··· RECORDED DATA ···
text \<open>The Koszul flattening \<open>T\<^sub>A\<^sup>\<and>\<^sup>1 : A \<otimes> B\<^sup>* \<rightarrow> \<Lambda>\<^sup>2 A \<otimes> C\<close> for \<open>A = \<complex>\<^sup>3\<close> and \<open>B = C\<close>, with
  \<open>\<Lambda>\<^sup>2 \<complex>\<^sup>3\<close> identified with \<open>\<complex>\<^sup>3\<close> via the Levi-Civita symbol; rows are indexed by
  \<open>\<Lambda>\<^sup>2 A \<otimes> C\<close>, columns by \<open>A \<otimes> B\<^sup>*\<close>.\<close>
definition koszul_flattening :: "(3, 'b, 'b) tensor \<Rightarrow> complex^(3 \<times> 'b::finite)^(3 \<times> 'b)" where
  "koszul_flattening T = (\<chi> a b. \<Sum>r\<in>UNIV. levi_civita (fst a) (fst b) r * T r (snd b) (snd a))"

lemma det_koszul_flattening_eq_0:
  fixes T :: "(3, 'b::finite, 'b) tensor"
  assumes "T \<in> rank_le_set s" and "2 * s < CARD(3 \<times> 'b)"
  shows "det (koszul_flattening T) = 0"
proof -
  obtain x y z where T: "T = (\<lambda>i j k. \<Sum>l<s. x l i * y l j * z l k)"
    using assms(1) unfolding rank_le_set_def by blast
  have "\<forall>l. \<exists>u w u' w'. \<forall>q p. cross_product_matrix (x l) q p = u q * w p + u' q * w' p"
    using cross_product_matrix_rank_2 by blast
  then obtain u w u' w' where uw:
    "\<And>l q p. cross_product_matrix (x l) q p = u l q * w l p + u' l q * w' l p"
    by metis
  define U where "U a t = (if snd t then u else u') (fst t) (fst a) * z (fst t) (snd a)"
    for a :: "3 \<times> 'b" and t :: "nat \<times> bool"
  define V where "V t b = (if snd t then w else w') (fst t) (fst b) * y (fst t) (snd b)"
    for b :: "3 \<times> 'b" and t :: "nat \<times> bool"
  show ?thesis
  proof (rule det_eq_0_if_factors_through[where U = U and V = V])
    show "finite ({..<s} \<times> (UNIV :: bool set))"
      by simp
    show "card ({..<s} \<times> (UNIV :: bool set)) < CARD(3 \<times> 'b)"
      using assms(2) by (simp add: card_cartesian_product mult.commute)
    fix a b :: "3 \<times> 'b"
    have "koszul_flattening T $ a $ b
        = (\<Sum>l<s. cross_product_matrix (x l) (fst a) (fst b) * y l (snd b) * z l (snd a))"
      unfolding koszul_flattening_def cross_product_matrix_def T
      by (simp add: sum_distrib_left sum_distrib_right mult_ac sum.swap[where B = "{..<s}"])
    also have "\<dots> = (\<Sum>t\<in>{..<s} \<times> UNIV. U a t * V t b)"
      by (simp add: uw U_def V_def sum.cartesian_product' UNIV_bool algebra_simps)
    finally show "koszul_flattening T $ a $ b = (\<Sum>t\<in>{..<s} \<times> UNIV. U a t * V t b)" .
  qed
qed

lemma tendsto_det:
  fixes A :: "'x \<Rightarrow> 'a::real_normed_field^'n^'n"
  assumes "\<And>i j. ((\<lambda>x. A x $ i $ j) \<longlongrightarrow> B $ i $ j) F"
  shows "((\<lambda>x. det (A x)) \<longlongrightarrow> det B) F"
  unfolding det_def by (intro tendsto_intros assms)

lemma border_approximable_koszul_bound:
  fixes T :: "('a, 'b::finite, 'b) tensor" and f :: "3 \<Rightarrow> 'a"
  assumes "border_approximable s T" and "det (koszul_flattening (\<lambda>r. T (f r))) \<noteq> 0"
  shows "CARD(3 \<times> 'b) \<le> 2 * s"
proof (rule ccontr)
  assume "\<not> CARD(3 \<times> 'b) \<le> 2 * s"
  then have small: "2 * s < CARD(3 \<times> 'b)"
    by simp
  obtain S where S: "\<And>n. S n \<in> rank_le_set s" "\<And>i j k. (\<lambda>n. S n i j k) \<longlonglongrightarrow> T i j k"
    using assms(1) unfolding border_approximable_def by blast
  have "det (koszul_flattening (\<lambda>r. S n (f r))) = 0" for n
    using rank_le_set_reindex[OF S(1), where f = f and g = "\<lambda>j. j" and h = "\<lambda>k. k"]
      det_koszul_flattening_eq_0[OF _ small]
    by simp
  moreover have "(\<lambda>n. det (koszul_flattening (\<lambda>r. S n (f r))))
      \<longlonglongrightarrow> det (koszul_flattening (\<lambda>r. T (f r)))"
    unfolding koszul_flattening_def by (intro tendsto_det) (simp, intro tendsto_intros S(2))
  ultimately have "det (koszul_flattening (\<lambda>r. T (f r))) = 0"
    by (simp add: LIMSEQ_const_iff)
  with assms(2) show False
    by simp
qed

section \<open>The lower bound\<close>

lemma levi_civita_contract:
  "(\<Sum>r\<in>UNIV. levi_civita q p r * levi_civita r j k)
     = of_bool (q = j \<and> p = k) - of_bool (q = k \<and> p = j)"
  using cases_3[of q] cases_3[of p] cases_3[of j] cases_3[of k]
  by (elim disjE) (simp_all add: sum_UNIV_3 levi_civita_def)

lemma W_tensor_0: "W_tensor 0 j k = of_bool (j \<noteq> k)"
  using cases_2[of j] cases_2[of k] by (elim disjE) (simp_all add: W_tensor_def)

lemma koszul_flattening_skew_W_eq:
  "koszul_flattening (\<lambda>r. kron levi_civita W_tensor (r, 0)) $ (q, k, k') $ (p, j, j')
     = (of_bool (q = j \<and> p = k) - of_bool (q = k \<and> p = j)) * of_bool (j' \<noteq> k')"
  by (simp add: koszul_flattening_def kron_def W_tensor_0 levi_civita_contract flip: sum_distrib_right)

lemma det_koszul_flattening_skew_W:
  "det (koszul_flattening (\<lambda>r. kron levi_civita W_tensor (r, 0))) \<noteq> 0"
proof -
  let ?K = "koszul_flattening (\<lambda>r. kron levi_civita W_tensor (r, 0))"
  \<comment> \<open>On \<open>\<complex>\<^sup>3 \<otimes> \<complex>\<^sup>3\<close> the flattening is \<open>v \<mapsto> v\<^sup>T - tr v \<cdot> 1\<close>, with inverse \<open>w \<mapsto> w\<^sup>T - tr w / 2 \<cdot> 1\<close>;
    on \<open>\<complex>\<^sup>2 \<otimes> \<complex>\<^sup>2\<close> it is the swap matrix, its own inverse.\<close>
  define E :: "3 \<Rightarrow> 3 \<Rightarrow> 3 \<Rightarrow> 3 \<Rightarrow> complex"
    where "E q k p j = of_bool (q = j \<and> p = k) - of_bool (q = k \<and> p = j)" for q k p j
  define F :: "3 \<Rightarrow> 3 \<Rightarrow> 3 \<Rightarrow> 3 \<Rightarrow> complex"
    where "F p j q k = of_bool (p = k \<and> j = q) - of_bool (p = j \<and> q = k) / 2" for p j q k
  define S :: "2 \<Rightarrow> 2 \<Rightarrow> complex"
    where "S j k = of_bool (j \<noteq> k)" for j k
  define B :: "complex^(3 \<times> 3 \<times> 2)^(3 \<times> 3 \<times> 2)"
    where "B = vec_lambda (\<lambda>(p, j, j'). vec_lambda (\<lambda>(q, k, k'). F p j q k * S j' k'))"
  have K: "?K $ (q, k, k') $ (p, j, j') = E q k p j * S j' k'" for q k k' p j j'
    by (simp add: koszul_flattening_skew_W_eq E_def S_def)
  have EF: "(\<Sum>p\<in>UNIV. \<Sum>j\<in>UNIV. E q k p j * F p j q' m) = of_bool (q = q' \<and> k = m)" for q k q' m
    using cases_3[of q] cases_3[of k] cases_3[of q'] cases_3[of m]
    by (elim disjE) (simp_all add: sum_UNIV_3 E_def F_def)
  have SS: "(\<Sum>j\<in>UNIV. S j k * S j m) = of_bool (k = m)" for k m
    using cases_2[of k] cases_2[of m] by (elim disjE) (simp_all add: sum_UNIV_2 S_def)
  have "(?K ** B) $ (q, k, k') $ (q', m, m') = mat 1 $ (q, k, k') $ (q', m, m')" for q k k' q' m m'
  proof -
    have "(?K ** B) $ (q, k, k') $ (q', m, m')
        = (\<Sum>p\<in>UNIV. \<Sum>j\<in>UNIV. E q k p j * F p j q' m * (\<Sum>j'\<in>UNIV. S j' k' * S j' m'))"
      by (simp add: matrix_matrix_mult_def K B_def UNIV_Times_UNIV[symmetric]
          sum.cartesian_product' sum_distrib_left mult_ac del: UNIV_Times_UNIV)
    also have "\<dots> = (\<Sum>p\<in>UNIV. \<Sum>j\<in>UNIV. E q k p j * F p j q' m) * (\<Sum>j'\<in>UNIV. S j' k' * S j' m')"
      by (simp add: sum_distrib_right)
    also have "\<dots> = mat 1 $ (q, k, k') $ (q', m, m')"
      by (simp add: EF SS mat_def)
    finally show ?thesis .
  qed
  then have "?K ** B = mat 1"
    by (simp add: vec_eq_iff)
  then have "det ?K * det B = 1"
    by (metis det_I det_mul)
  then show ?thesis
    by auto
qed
···
--- ASSIGNMENT ---
Find all lines in the records that hold the word "shows". Copy them.

--- ANSWER TO THE EXERCISE ---
  shows "det (koszul_flattening T) = 0"
  shows "((\<lambda>x. det (A x)) \<longlongrightarrow> det B) F"
  shows "CARD(3 \<times> 'b) \<le> 2 * s"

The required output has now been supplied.